Collected data entries
(* If every vertex of P has an R-neighbour in P' and every vertex of Q one in Q', where P lies in
   Q' and Q in P' (as S in B u S and T in A u T), then two disjoint such edges exist; the case
   analysis resolves the possible overlaps of the chosen edges. *)
lemma two_disjoint_edges_balanced:
  assumes disj: "P \<inter> P' = {}" "Q \<inter> Q' = {}" "P' \<inter> Q' = {}" and sub: "P \<subseteq> Q'" "Q \<subseteq> P'"
    and avoid: "\<And>z. \<exists>x \<in> P. x \<noteq> z" "\<And>z. \<exists>x \<in> Q. x \<noteq> z"
    and out: "\<And>x. x \<in> P \<Longrightarrow> \<exists>y \<in> P'. R x y" "\<And>x. x \<in> Q \<Longrightarrow> \<exists>y \<in> Q'. R x y"
  shows "has_two_disjoint_edges (\<lambda>x y. R x y \<and> (x \<in> P \<and> y \<in> P' \<or> x \<in> Q \<and> y \<in> Q'))"
proof -
  have sep: "\<And>u v. u \<in> P \<Longrightarrow> v \<in> P' \<Longrightarrow> u \<noteq> v" "\<And>u v. u \<in> Q \<Longrightarrow> v \<in> Q' \<Longrightarrow> u \<noteq> v"
    "\<And>u v. u \<in> P' \<Longrightarrow> v \<in> Q' \<Longrightarrow> u \<noteq> v" "\<And>u v. u \<in> P \<Longrightarrow> v \<in> Q \<Longrightarrow> u \<noteq> v"
    using disj sub by blast+
  obtain t1 y2 where t1: "t1 \<in> Q" "y2 \<in> Q'" "R t1 y2" using avoid(2) out(2) by blast
  obtain x1 y1 where x1: "x1 \<in> P" "x1 \<noteq> y2" "y1 \<in> P'" "R x1 y1" using avoid(1) out(1) by blast
  show ?thesis
  proof (cases "y1 = t1")
    case False
    then show ?thesis
      using t1 x1 sep sub
      by (intro has_two_disjoint_edgesI[of _ x1 y1 t1 y2]) blast+
  next
    case True
    obtain x2 y2' where x2: "x2 \<in> Q" "x2 \<noteq> t1" "y2' \<in> Q'" "R x2 y2'" using avoid(2) out(2) by blast
    show ?thesis
    proof (cases "y2' = x1")
      case False
      then show ?thesis
        using t1 x1 x2 \<open>y1 = t1\<close> sep sub
        by (intro has_two_disjoint_edgesI[of _ x1 t1 x2 y2']) blast+
    next
      case True
      obtain x1' y1' where x1': "x1' \<in> P" "x1' \<noteq> x1" "y1' \<in> P'" "R x1' y1'"
        using avoid(1) out(1) by blast
      show ?thesis
      proof (cases "y1' = x2")
        case False
        then show ?thesis
          using x1 x2 x1' \<open>y2' = x1\<close> sep sub
          by (intro has_two_disjoint_edgesI[of _ x2 x1 x1' y1']) blast+
      next
        case True
        then show ?thesis
          using t1 x1 x2 x1' \<open>y1 = t1\<close> sep sub
          by (intro has_two_disjoint_edgesI[of _ x1 t1 x1' x2]) blast+
      qed
    qed
  qed
qed

datatype part = PA | PB | PS | PT

(* The parts that almost all out-neighbours (resp. in-neighbours) of a typical vertex cover. *)
fun out_parts :: "part \<Rightarrow> part set" where
  "out_parts PA = {PB}" | "out_parts PB = {PA}" | "out_parts PS = {PB, PS}" | "out_parts PT = {PA, PT}"

fun in_parts :: "part \<Rightarrow> part set" where
  "in_parts PA = {PB}" | "in_parts PB = {PA}" | "in_parts PS = {PA, PS}" | "in_parts PT = {PB, PT}"

definition side :: "bool \<Rightarrow> part" where
  "side b = (if b then PB else PA)"

definition is_AB :: "part \<Rightarrow> bool" where
  "is_AB p \<longleftrightarrow> p = PA \<or> p = PB"

fun alternating :: "'b list \<Rightarrow> bool" where
  "alternating (x # y # zs) \<longleftrightarrow> x \<noteq> y \<and> alternating (y # zs)"
| "alternating _ \<longleftrightarrow> True"

lemma alternating_nth:
  "alternating xs \<Longrightarrow> Suc j < length xs \<Longrightarrow> xs ! j \<noteq> xs ! Suc j"
proof (induction xs arbitrary: j rule: alternating.induct)
  case (1 x y zs)
  then show ?case by (cases j) auto
qed auto

(* A code (the part of each of the 9 path vertices) forcing any embedding respecting it to be a
   useful path from side sw to the other side. *)
definition useful_code :: "bool \<Rightarrow> part list \<Rightarrow> bool" where
  "useful_code sw c \<longleftrightarrow> length c = 9 \<and> c ! 0 = side sw \<and> c ! 8 = side (\<not> sw) \<and>
     alternating (filter is_AB c) \<and> odd (length (filter (\<lambda>p. \<not> is_AB p) c))"

(* Embedding grows outwards from a seed interval {lo..hi}: vertex k outside it is attached to its
   neighbour toward_seed hi k, and edge_outward tells whether the edge is directed away from it. *)
definition toward_seed :: "nat \<Rightarrow> nat \<Rightarrow> nat" where
  "toward_seed hi k = (if hi < k then k - 1 else Suc k)"

definition edge_outward :: "bool list \<Rightarrow> nat \<Rightarrow> nat \<Rightarrow> bool" where
  "edge_outward L hi k = (if hi < k then L ! (k - 1) else \<not> L ! k)"

(* Compatibility of a code with the orientations: each new vertex lies in a part covered by the
   typical out- or in-neighbourhood of its parent; a parent that is the (non-typical) hub vertex
   of the seed only offers in-neighbours, which must lie in the part q. *)
definition code_fits :: "bool list \<Rightarrow> part list \<Rightarrow> nat \<Rightarrow> nat \<Rightarrow> nat option \<Rightarrow> part \<Rightarrow> bool" where
  "code_fits L c lo hi hub q \<longleftrightarrow> (\<forall>k<9. k < lo \<or> hi < k \<longrightarrow>
     (if hub = Some (toward_seed hi k) then \<not> edge_outward L hi k \<and> c ! k = q
      else if edge_outward L hi k then c ! k \<in> out_parts (c ! toward_seed hi k)
      else c ! k \<in> in_parts (c ! toward_seed hi k)))"

(* Unfolds bounded quantifiers over path positions, so that codes are checked by evaluation. *)
lemma all_less_9: "(\<forall>k<9::nat. P k) \<longleftrightarrow> P 0 \<and> P 1 \<and> P 2 \<and> P 3 \<and> P 4 \<and> P 5 \<and> P 6 \<and> P 7 \<and> P 8"
  by (simp add: eval_nat_numeral All_less_Suc2)

definition outward_order :: "nat \<Rightarrow> nat \<Rightarrow> nat list" where
  "outward_order lo hi = [Suc hi..<9] @ rev [0..<lo]"

lemma set_outward_order: "set (outward_order lo hi) = {Suc hi..<9} \<union> {0..<lo}"
  by (auto simp: outward_order_def)

lemma length_outward_order: "hi \<le> 8 \<Longrightarrow> length (outward_order lo hi) = (8 - hi) + lo"
  by (simp add: outward_order_def)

Exercise:
Your answer must be every record above, retyped exactly.

Exercise response:
(* If every vertex of P has an R-neighbour in P' and every vertex of Q one in Q', where P lies in
   Q' and Q in P' (as S in B u S and T in A u T), then two disjoint such edges exist; the case
   analysis resolves the possible overlaps of the chosen edges. *)
lemma two_disjoint_edges_balanced:
  assumes disj: "P \<inter> P' = {}" "Q \<inter> Q' = {}" "P' \<inter> Q' = {}" and sub: "P \<subseteq> Q'" "Q \<subseteq> P'"
    and avoid: "\<And>z. \<exists>x \<in> P. x \<noteq> z" "\<And>z. \<exists>x \<in> Q. x \<noteq> z"
    and out: "\<And>x. x \<in> P \<Longrightarrow> \<exists>y \<in> P'. R x y" "\<And>x. x \<in> Q \<Longrightarrow> \<exists>y \<in> Q'. R x y"
  shows "has_two_disjoint_edges (\<lambda>x y. R x y \<and> (x \<in> P \<and> y \<in> P' \<or> x \<in> Q \<and> y \<in> Q'))"
proof -
  have sep: "\<And>u v. u \<in> P \<Longrightarrow> v \<in> P' \<Longrightarrow> u \<noteq> v" "\<And>u v. u \<in> Q \<Longrightarrow> v \<in> Q' \<Longrightarrow> u \<noteq> v"
    "\<And>u v. u \<in> P' \<Longrightarrow> v \<in> Q' \<Longrightarrow> u \<noteq> v" "\<And>u v. u \<in> P \<Longrightarrow> v \<in> Q \<Longrightarrow> u \<noteq> v"
    using disj sub by blast+
  obtain t1 y2 where t1: "t1 \<in> Q" "y2 \<in> Q'" "R t1 y2" using avoid(2) out(2) by blast
  obtain x1 y1 where x1: "x1 \<in> P" "x1 \<noteq> y2" "y1 \<in> P'" "R x1 y1" using avoid(1) out(1) by blast
  show ?thesis
  proof (cases "y1 = t1")
    case False
    then show ?thesis
      using t1 x1 sep sub
      by (intro has_two_disjoint_edgesI[of _ x1 y1 t1 y2]) blast+
  next
    case True
    obtain x2 y2' where x2: "x2 \<in> Q" "x2 \<noteq> t1" "y2' \<in> Q'" "R x2 y2'" using avoid(2) out(2) by blast
    show ?thesis
    proof (cases "y2' = x1")
      case False
      then show ?thesis
        using t1 x1 x2 \<open>y1 = t1\<close> sep sub
        by (intro has_two_disjoint_edgesI[of _ x1 t1 x2 y2']) blast+
    next
      case True
      obtain x1' y1' where x1': "x1' \<in> P" "x1' \<noteq> x1" "y1' \<in> P'" "R x1' y1'"
        using avoid(1) out(1) by blast
      show ?thesis
      proof (cases "y1' = x2")
        case False
        then show ?thesis
          using x1 x2 x1' \<open>y2' = x1\<close> sep sub
          by (intro has_two_disjoint_edgesI[of _ x2 x1 x1' y1']) blast+
      next
        case True
        then show ?thesis
          using t1 x1 x2 x1' \<open>y1 = t1\<close> sep sub
          by (intro has_two_disjoint_edgesI[of _ x1 t1 x1' x2]) blast+
      qed
    qed
  qed
qed

datatype part = PA | PB | PS | PT

(* The parts that almost all out-neighbours (resp. in-neighbours) of a typical vertex cover. *)
fun out_parts :: "part \<Rightarrow> part set" where
  "out_parts PA = {PB}" | "out_parts PB = {PA}" | "out_parts PS = {PB, PS}" | "out_parts PT = {PA, PT}"

fun in_parts :: "part \<Rightarrow> part set" where
  "in_parts PA = {PB}" | "in_parts PB = {PA}" | "in_parts PS = {PA, PS}" | "in_parts PT = {PB, PT}"

definition side :: "bool \<Rightarrow> part" where
  "side b = (if b then PB else PA)"

definition is_AB :: "part \<Rightarrow> bool" where
  "is_AB p \<longleftrightarrow> p = PA \<or> p = PB"

fun alternating :: "'b list \<Rightarrow> bool" where
  "alternating (x # y # zs) \<longleftrightarrow> x \<noteq> y \<and> alternating (y # zs)"
| "alternating _ \<longleftrightarrow> True"

lemma alternating_nth:
  "alternating xs \<Longrightarrow> Suc j < length xs \<Longrightarrow> xs ! j \<noteq> xs ! Suc j"
proof (induction xs arbitrary: j rule: alternating.induct)
  case (1 x y zs)
  then show ?case by (cases j) auto
qed auto

(* A code (the part of each of the 9 path vertices) forcing any embedding respecting it to be a
   useful path from side sw to the other side. *)
definition useful_code :: "bool \<Rightarrow> part list \<Rightarrow> bool" where
  "useful_code sw c \<longleftrightarrow> length c = 9 \<and> c ! 0 = side sw \<and> c ! 8 = side (\<not> sw) \<and>
     alternating (filter is_AB c) \<and> odd (length (filter (\<lambda>p. \<not> is_AB p) c))"

(* Embedding grows outwards from a seed interval {lo..hi}: vertex k outside it is attached to its
   neighbour toward_seed hi k, and edge_outward tells whether the edge is directed away from it. *)
definition toward_seed :: "nat \<Rightarrow> nat \<Rightarrow> nat" where
  "toward_seed hi k = (if hi < k then k - 1 else Suc k)"

definition edge_outward :: "bool list \<Rightarrow> nat \<Rightarrow> nat \<Rightarrow> bool" where
  "edge_outward L hi k = (if hi < k then L ! (k - 1) else \<not> L ! k)"

(* Compatibility of a code with the orientations: each new vertex lies in a part covered by the
   typical out- or in-neighbourhood of its parent; a parent that is the (non-typical) hub vertex
   of the seed only offers in-neighbours, which must lie in the part q. *)
definition code_fits :: "bool list \<Rightarrow> part list \<Rightarrow> nat \<Rightarrow> nat \<Rightarrow> nat option \<Rightarrow> part \<Rightarrow> bool" where
  "code_fits L c lo hi hub q \<longleftrightarrow> (\<forall>k<9. k < lo \<or> hi < k \<longrightarrow>
     (if hub = Some (toward_seed hi k) then \<not> edge_outward L hi k \<and> c ! k = q
      else if edge_outward L hi k then c ! k \<in> out_parts (c ! toward_seed hi k)
      else c ! k \<in> in_parts (c ! toward_seed hi k)))"

(* Unfolds bounded quantifiers over path positions, so that codes are checked by evaluation. *)
lemma all_less_9: "(\<forall>k<9::nat. P k) \<longleftrightarrow> P 0 \<and> P 1 \<and> P 2 \<and> P 3 \<and> P 4 \<and> P 5 \<and> P 6 \<and> P 7 \<and> P 8"
  by (simp add: eval_nat_numeral All_less_Suc2)

definition outward_order :: "nat \<Rightarrow> nat \<Rightarrow> nat list" where
  "outward_order lo hi = [Suc hi..<9] @ rev [0..<lo]"

lemma set_outward_order: "set (outward_order lo hi) = {Suc hi..<9} \<union> {0..<lo}"
  by (auto simp: outward_order_def)

lemma length_outward_order: "hi \<le> 8 \<Longrightarrow> length (outward_order lo hi) = (8 - hi) + lo"
  by (simp add: outward_order_def)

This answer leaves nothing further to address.